On Saturday, the U.K. will begin to enforce the amended Directive on Privacy and Electronic Communications--better known as the E-Privacy Directive-which it passed last year. Meanwhile, all 27 member nations of the economic and political confederation are debating much broader draft legislation, introduced by the European Commission (E.C.) in January, which would reform and harmonize data protection laws across the E.U.

The E-Privacy Directive, which the U.K.'s Information Commissioner will begin to enforce on May 26, requires consent for all non-essential tracking of individuals as they traverse the Web, whether that tracking involves tags, cookies or other tracking technology. In other words, Websites must inform consumers in detail about any tracking that takes place on the site and obtain consent before proceeding with the tracking.

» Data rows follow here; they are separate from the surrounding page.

(* Let $M$ be a modular lattice of finite length and $x,y\in S(M)$. If $y$ covers $x$ in the partially ordered set $S(M)$ (ordered as in $M$), then $x<y\le x^*$ in $M$.
   Context: $M$ is a modular lattice of finite length (every chain finite) with least element $0$ and greatest element $1$. For $a\in M$: $a^*$ is the join of all elements covering $a$ if $a<1$, and $1^*=1$. An interval $[a,b]$ is \emph{atomistic} if every element of it is a join of atoms of $[a,b]$ (elements covering $a$). The \emph{skeleton} $S(M)$ is the set of least elements of the maximal (under inclusion) atomistic intervals of $M$. *)

theory Defs
  imports Main
begin

definition modular_lattice :: "'a::lattice itself \<Rightarrow> bool" where
  "modular_lattice _ \<longleftrightarrow>
     (\<forall>a b c :: 'a. a \<le> c \<longrightarrow> sup a (inf b c) = inf (sup a b) c)"

definition finite_length :: "'a::order itself \<Rightarrow> bool" where
  "finite_length _ \<longleftrightarrow>
     (\<forall>C :: 'a set. Complete_Partial_Order.chain (\<le>) C \<longrightarrow> finite C)"

definition covers :: "'a::order \<Rightarrow> 'a \<Rightarrow> bool" where
  "covers a b \<longleftrightarrow> a < b \<and> \<not> (\<exists>c. a < c \<and> c < b)"

definition is_lub_in :: "'a::order set \<Rightarrow> 'a set \<Rightarrow> 'a \<Rightarrow> bool" where
  "is_lub_in X S j \<longleftrightarrow> j \<in> X \<and> (\<forall>s\<in>S. s \<le> j) \<and>
     (\<forall>u\<in>X. (\<forall>s\<in>S. s \<le> u) \<longrightarrow> j \<le> u)"

text \<open>Join of an arbitrary subset of the lattice (exists under finite length).\<close>
definition Join :: "'a::order set \<Rightarrow> 'a" where
  "Join S = (THE j. is_lub_in UNIV S j)"

definition star :: "'a::bounded_lattice \<Rightarrow> 'a" where
  "star a = (if a < top then Join {b. covers a b} else top)"

definition atomistic_interval :: "'a::order \<Rightarrow> 'a \<Rightarrow> bool" where
  "atomistic_interval a b \<longleftrightarrow> a \<le> b \<and>
     (\<forall>c\<in>{a..b}. \<exists>A \<subseteq> {t\<in>{a..b}. covers a t}. is_lub_in {a..b} A c)"

definition maximal_atomistic_interval :: "'a::order \<Rightarrow> 'a \<Rightarrow> bool" where
  "maximal_atomistic_interval a b \<longleftrightarrow> atomistic_interval a b \<and>
     (\<forall>c d. atomistic_interval c d \<and> {a..b} \<subseteq> {c..d} \<longrightarrow> {c..d} = {a..b})"

definition skeleton :: "'a::order itself \<Rightarrow> 'a set" where
  "skeleton _ = {a. \<exists>b. maximal_atomistic_interval a b}"

definition covers_in :: "'a::order set \<Rightarrow> 'a \<Rightarrow> 'a \<Rightarrow> bool" where
  "covers_in P x y \<longleftrightarrow> x \<in> P \<and> y \<in> P \<and> x < y \<and> \<not> (\<exists>z\<in>P. x < z \<and> z < y)"

end

theory Submission
  imports Defs
begin

text \<open>Let y cover x in the skeleton and let z be a lower cover of y above x, so y \<le> star z.
  Among the s in [x, z] with star z \<le> star s pick a minimal one. No lower cover e of s has
  star s \<le> star e: as x is in the skeleton this would force x \<le> e, contradicting minimality.
  Since [s, star s] is atomistic in a modular lattice of finite length, it is then a maximal
  atomistic interval, so s lies in the skeleton; hence s = x and y \<le> star z \<le> star x.

  For x in the skeleton and m covered by x, star x \<le> star m is impossible, because the maximal
  atomistic interval starting at x would lie inside the atomistic interval [m, star m].
  If instead e is covered by z, x \<le> z, star z \<le> star e and x is not below e, then m = inf e x
  is covered by x, and every upper cover of x is perspective to an upper cover of m, directly
  or through an atom of [e, star e]; this gives star x \<le> star m.\<close>

lemma modularD:
  assumes "modular_lattice TYPE('a::lattice)" and "a \<le> c"
  shows "sup a (inf b c) = inf (sup a b) (c::'a)"
  using assms unfolding modular_lattice_def by blast

lemma coversD: "covers a b \<Longrightarrow> a < b"
  unfolding covers_def by blast

subsection \<open>Chain conditions\<close>

lemma finite_length_no_injective_chain_seq:
  fixes f :: "nat \<Rightarrow> 'a::order"
  assumes "finite_length TYPE('a)" and "\<And>i j. i \<noteq> j \<Longrightarrow> f i < f j \<or> f j < f i"
  shows False
proof -
  have "Complete_Partial_Order.chain (\<le>) (range f)"
  proof (rule chainI)
    fix x y assume "x \<in> range f" "y \<in> range f"
    then obtain i j where "x = f i" "y = f j" by blast
    thus "x \<le> y \<or> y \<le> x"
      using assms(2)[of i j] by (cases "i = j") (auto intro: less_imp_le)
  qed
  hence "finite (range f)"
    using assms(1) unfolding finite_length_def by blast
  moreover have "inj f"
    by (rule injI) (metis assms(2) less_irrefl)
  ultimately show False
    using finite_imageD[of f UNIV] by simp
qed

lemma finite_length_ex_minimal:
  assumes "finite_length TYPE('a::order)" and "x \<in> Q"
  shows "\<exists>z\<in>Q. \<forall>y\<in>Q. \<not> y < (z::'a)"
proof -
  have "wf {(y, z::'a). y < z}"
    unfolding wf_iff_no_infinite_down_chain
  proof (intro notI, elim exE)
    fix f :: "nat \<Rightarrow> 'a" assume "\<forall>i. (f (Suc i), f i) \<in> {(y, z). y < z}"
    hence desc: "\<forall>i. f (Suc i) < f i" by simp
    have dec: "f j < f i" if "i < j" for i j
      using that by (induction i j rule: less_Suc_induct) (use desc in \<open>auto intro: order.strict_trans\<close>)
    show False
      by (rule finite_length_no_injective_chain_seq[OF assms(1), of f])
        (metis dec linorder_neqE_nat)
  qed
  then obtain z where "z \<in> Q" and "\<And>y. (y, z) \<in> {(y, z). y < z} \<Longrightarrow> y \<notin> Q"
    using assms(2) by (rule wfE_min) blast
  thus ?thesis by blast
qed

lemma finite_length_ex_maximal:
  assumes "finite_length TYPE('a::order)" and "x \<in> Q"
  shows "\<exists>z\<in>Q. \<forall>y\<in>Q. \<not> (z::'a) < y"
proof -
  have "wf {(y, z::'a). z < y}"
    unfolding wf_iff_no_infinite_down_chain
  proof (intro notI, elim exE)
    fix f :: "nat \<Rightarrow> 'a" assume "\<forall>i. (f (Suc i), f i) \<in> {(y, z). z < y}"
    hence inc: "f i < f j" if "i < j" for i j
      using that by (simp add: lift_Suc_mono_less)
    show False
      by (rule finite_length_no_injective_chain_seq[OF assms(1), of f])
        (metis inc linorder_neqE_nat)
  qed
  then obtain z where "z \<in> Q" and "\<And>y. (y, z) \<in> {(y, z). z < y} \<Longrightarrow> y \<notin> Q"
    using assms(2) by (rule wfE_min) blast
  thus ?thesis by blast
qed

lemma ex_covers_le:
  assumes "finite_length TYPE('a::order)" and "a < b"
  shows "\<exists>t. covers a t \<and> t \<le> (b::'a)"
proof -
  obtain t where t: "a < t" "t \<le> b" and min: "\<forall>u. a < u \<and> u \<le> b \<longrightarrow> \<not> u < t"
    using finite_length_ex_minimal[OF assms(1), of b "{t. a < t \<and> t \<le> b}"] assms(2) by auto
  have "covers a t"
    unfolding covers_def using t min by (meson dual_order.strict_trans1 less_imp_le)
  thus ?thesis using t by blast
qed

lemma ex_ge_covers:
  assumes "finite_length TYPE('a::order)" and "c < b"
  shows "\<exists>e. c \<le> e \<and> covers e (b::'a)"
proof -
  obtain e where e: "c \<le> e" "e < b" and max: "\<forall>u. c \<le> u \<and> u < b \<longrightarrow> \<not> e < u"
    using finite_length_ex_maximal[OF assms(1), of c "{e. c \<le> e \<and> e < b}"] assms(2) by auto
  have "covers e b"
    unfolding covers_def using e max by (meson order.trans less_imp_le)
  thus ?thesis using e by blast
qed

subsection \<open>The operator star\<close>

lemma Join_is_lub:
  assumes fl: "finite_length TYPE('a::bounded_lattice)"
  shows "is_lub_in UNIV S (Join (S::'a set))"
proof -
  obtain u where ub: "\<forall>s\<in>S. s \<le> u" and min: "\<forall>v. (\<forall>s\<in>S. s \<le> v) \<longrightarrow> \<not> v < u"
    using finite_length_ex_minimal[OF fl, of top "{u. \<forall>s\<in>S. s \<le> u}"] by auto
  have least: "u \<le> v" if "\<forall>s\<in>S. s \<le> v" for v
  proof -
    have "\<not> inf u v < u"
      using min ub that by simp
    thus ?thesis
      by (simp add: less_le_not_le)
  qed
  have "is_lub_in UNIV S u"
    unfolding is_lub_in_def using ub least by blast
  moreover have "j = u" if "is_lub_in UNIV S j" for j
    using that ub least unfolding is_lub_in_def by (blast intro: order_antisym)
  ultimately show ?thesis
    unfolding Join_def by (rule theI)
qed

lemma le_star_if_covers:
  assumes "finite_length TYPE('a::bounded_lattice)" and "covers a p"
  shows "p \<le> star (a::'a)"
proof -
  have "a < top"
    using coversD[OF assms(2)] top_greatest by (rule order.strict_trans2)
  thus ?thesis
    using Join_is_lub[OF assms(1), of "{b. covers a b}"] assms(2)
    unfolding star_def is_lub_in_def by simp
qed

lemma star_le_if_covers_le:
  assumes "finite_length TYPE('a::bounded_lattice)" and "a < top"
    and "\<And>p. covers a p \<Longrightarrow> p \<le> u"
  shows "star (a::'a) \<le> u"
  using Join_is_lub[OF assms(1), of "{b. covers a b}"] assms(2,3)
  unfolding star_def is_lub_in_def by simp

lemma le_star:
  assumes "finite_length TYPE('a::bounded_lattice)"
  shows "a \<le> star (a::'a)"
proof (cases "a < top")
  case True
  then obtain t where "covers a t"
    using ex_covers_le[OF assms] by blast
  thus ?thesis
    using coversD le_star_if_covers[OF assms] by (blast intro: order.trans less_imp_le)
qed (simp add: star_def)

subsection \<open>Covers in modular lattices\<close>

lemma covers_between:
  assumes "covers c p" and "c \<le> z" and "z \<le> p"
  shows "z = c \<or> z = (p::'a::order)"
  using assms unfolding covers_def by (metis order_le_imp_less_or_eq)

lemma inf_eq_if_covers_not_le:
  assumes "covers c p" and "c \<le> v" and "\<not> p \<le> v"
  shows "inf v p = (c::'a::lattice)"
proof -
  have "c \<le> inf v p"
    using assms(2) coversD[OF assms(1)] by (simp add: less_imp_le)
  moreover have "inf v p \<noteq> p"
    using assms(3) by (metis inf.cobounded1)
  ultimately show ?thesis
    using covers_between[OF assms(1), of "inf v p"] by simp
qed

lemma covers_sup_if_covers_inf:
  assumes md: "modular_lattice TYPE('a::lattice)" and "covers (inf a b) b"
  shows "covers a (sup a (b::'a))"
proof -
  have "\<not> b \<le> a"
    using coversD[OF assms(2)] by (auto simp: inf.absorb2)
  hence "a < sup a b"
    by (simp add: less_le_not_le)
  moreover have "\<not> (a < z \<and> z < sup a b)" for z
  proof
    assume z: "a < z \<and> z < sup a b"
    hence "sup a (inf b z) = z"
      using modularD[OF md, of a z b] by (simp add: inf.absorb2 less_imp_le)
    moreover have "inf b z = inf a b \<or> inf b z = b"
      using covers_between[OF assms(2), of "inf b z"] z by (auto intro: le_infI1 less_imp_le)
    ultimately show False
      using z by (metis inf.absorb_iff1 le_sup_iff less_le_not_le sup_inf_absorb)
  qed
  ultimately show ?thesis
    unfolding covers_def by blast
qed

lemma covers_inf_if_covers_sup:
  assumes md: "modular_lattice TYPE('a::lattice)" and "covers a (sup a b)"
  shows "covers (inf a b) (b::'a)"
proof -
  have "inf a b < b"
    using coversD[OF assms(2)] by (metis inf.absorb_iff2 inf_sup_ord(2) nless_le sup.absorb_iff1)
  moreover have "\<not> (inf a b < z \<and> z < b)" for z
  proof
    assume z: "inf a b < z \<and> z < b"
    hence "inf (sup a z) b = z"
      using modularD[OF md, of z b a] by (simp add: sup.absorb1 less_imp_le sup_commute)
    moreover have "sup a z = a \<or> sup a z = sup a b"
      using covers_between[OF assms(2), of "sup a z"] z by (auto intro: le_supI2 less_imp_le)
    ultimately show False
      using z by (metis inf.absorb2 inf_sup_absorb less_irrefl sup_ge2)
  qed
  ultimately show ?thesis
    unfolding covers_def by blast
qed

lemma covers_sup_if_not_le:
  assumes md: "modular_lattice TYPE('a::lattice)"
    and "c \<le> e" and "covers c p" and "\<not> p \<le> e"
  shows "covers e (sup e (p::'a))"
proof -
  have "covers (inf e p) p"
    using inf_eq_if_covers_not_le[OF assms(3,2,4)] assms(3) by simp
  thus ?thesis
    by (rule covers_sup_if_covers_inf[OF md])
qed

lemma star_mono:
  assumes fl: "finite_length TYPE('a::bounded_lattice)" and md: "modular_lattice TYPE('a)"
    and "c \<le> e"
  shows "star c \<le> star (e::'a)"
proof (cases "e = top")
  case False
  hence "c < top"
    using \<open>c \<le> e\<close> by (metis top.not_eq_extremum top.extremum_unique)
  thus ?thesis
  proof (rule star_le_if_covers_le[OF fl])
    fix p assume p: "covers c p"
    show "p \<le> star e"
    proof (cases "p \<le> e")
      case True
      thus ?thesis using le_star[OF fl] by (rule order.trans)
    next
      case False
      hence "covers e (sup e p)"
        by (rule covers_sup_if_not_le[OF md \<open>c \<le> e\<close> p])
      hence "sup e p \<le> star e"
        by (rule le_star_if_covers[OF fl])
      thus ?thesis by simp
    qed
  qed
qed (simp add: star_def)

subsection \<open>The interval from a to star a is atomistic\<close>

lemma le_foldr_sup: "(a::'a::semilattice_sup) \<le> foldr sup rs a"
  by (induction rs) (auto intro: le_supI2)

Like many other European data protection laws, the U.K.'s implementation of the E-Privacy Directive is an outgrowth of the Data Protection Directive, adopted by the E.C. in 1995 and intended to apply a set of common rules and safeguards for personal data throughout the member countries of the E.U. But as a 'directive' rather than a 'regulation,' it was up to the individual member countries to implement specific laws.

In the 17 years since the E.C. adopted the Directive, E.U. member states have adopted a patchwork quilt of data protection laws that vary in both language and the penalties for non-compliance. For example, when it comes to the E-Privacy Directive, some of the member countries adopted opt-in laws, others adopted opt-out laws and still others have considered annual consent procedures.